(Materials provided)
(* Consider a Markov decision process with finite state set $S$, finite action set $A$, transition kernel $T(s'\mid s,a)$, initial state distribution $p_0$ and discount factor $\gamma\in[0,1)$. Let $\beta>0$, $\alpha\in[0,1)$, let $\mu^U(a\mid s)$ be a policy with $\mu^U(a\mid s)>0$ for all $(s,a)$, let $d^U$ be a probability distribution on $S\times A$, let $\Psi:S\times A\to\mathbb{R}$, and set $\delta(s,a)=\exp\big(\frac{\Psi(s,a)}{1-\alpha}\big)$. For $Q:S\times A\to\mathbb{R}$ and a policy $\pi$ define $$V_Q^\pi(s)=\mathbb{E}_{a\sim\pi(\cdot\mid s)}\Big[Q(s,a)-\beta\log\frac{\pi(a\mid s)}{\mu^U(a\mid s)}\Big],\qquad \mathcal{T}^\pi[Q](s,a)=Q(s,a)-\gamma\,\mathbb{E}_{s'\sim T(\cdot\mid s,a)}\big[V_Q^\pi(s')\big],$$ $$\widetilde{L}(Q,\pi)=(1-\gamma)\,\mathbb{E}_{s\sim p_0}\big[V_Q^\pi(s)\big]-\mathbb{E}_{(s,a)\sim d^U}\big[\delta(s,a)\,\mathcal{T}^\pi[Q](s,a)\big]+(1-\alpha)\,\mathbb{E}_{(s,a)\sim d^U}\big[\delta(s,a)\big].$$ Also define $V_Q(s)=\beta\log\big(\sum_{a}\mu^U(a\mid s)\exp(Q(s,a)/\beta)\big)$, $\mathcal{T}[Q](s,a)=Q(s,a)-\gamma\,\mathbb{E}_{s'\sim T(\cdot\mid s,a)}[V_Q(s')]$, and $$\widetilde{L}(Q)=(1-\gamma)\,\mathbb{E}_{s\sim p_0}\big[V_Q(s)\big]-\mathbb{E}_{(s,a)\sim d^U}\big[\delta(s,a)\,\mathcal{T}[Q](s,a)\big].$$ Then: (i) $\widetilde{L}(Q,\pi)$ is linear in $Q$ and concave in $\pi$, and consequently $\max_\pi\min_Q\widetilde{L}(Q,\pi)=\min_Q\max_\pi\widetilde{L}(Q,\pi)$. (ii) The min–max problem $\min_Q\max_\pi\widetilde{L}(Q,\pi)$ reduces to the non-adversarial problem $\min_Q\widetilde{L}(Q)$ (for every $Q$, $\max_\pi\widetilde{L}(Q,\pi)$ equals $\widetilde{L}(Q)$ plus the $Q$-independent constant $(1-\alpha)\mathbb{E}_{(s,a)\sim d^U}[\delta(s,a)]$), and $\widetilde{L}(Q)$ is convex in $Q$.
   Context: Policies $\pi$ range over all conditional distributions $\pi(\cdot\mid s)$ on $A$, $s\in S$. In the paper $\mu^U$ is the behavior policy of the union dataset, $d^U$ its state-action distribution, and $\Psi(s,a)=\log\frac{d^G(s,a)}{d^U(s,a)}-\alpha\log\frac{d^B(s,a)}{d^U(s,a)}$. *)

theory Defs
  imports "HOL-Analysis.Analysis"
begin

definition is_policy :: "('s::finite \<Rightarrow> 'a::finite \<Rightarrow> real) \<Rightarrow> bool" where
  "is_policy \<pi> \<longleftrightarrow> (\<forall>s a. 0 \<le> \<pi> s a) \<and> (\<forall>s. (\<Sum>a\<in>UNIV. \<pi> s a) = 1)"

(What you have to do) Print the lines of the material, exactly and only, from the line that contains "Context: Policies $\pi$" down to and including the final line.

(Answer to this exercise)
   Context: Policies $\pi$ range over all conditional distributions $\pi(\cdot\mid s)$ on $A$, $s\in S$. In the paper $\mu^U$ is the behavior policy of the union dataset, $d^U$ its state-action distribution, and $\Psi(s,a)=\log\frac{d^G(s,a)}{d^U(s,a)}-\alpha\log\frac{d^B(s,a)}{d^U(s,a)}$. *)

theory Defs
  imports "HOL-Analysis.Analysis"
begin

definition is_policy :: "('s::finite \<Rightarrow> 'a::finite \<Rightarrow> real) \<Rightarrow> bool" where
  "is_policy \<pi> \<longleftrightarrow> (\<forall>s a. 0 \<le> \<pi> s a) \<and> (\<forall>s. (\<Sum>a\<in>UNIV. \<pi> s a) = 1)"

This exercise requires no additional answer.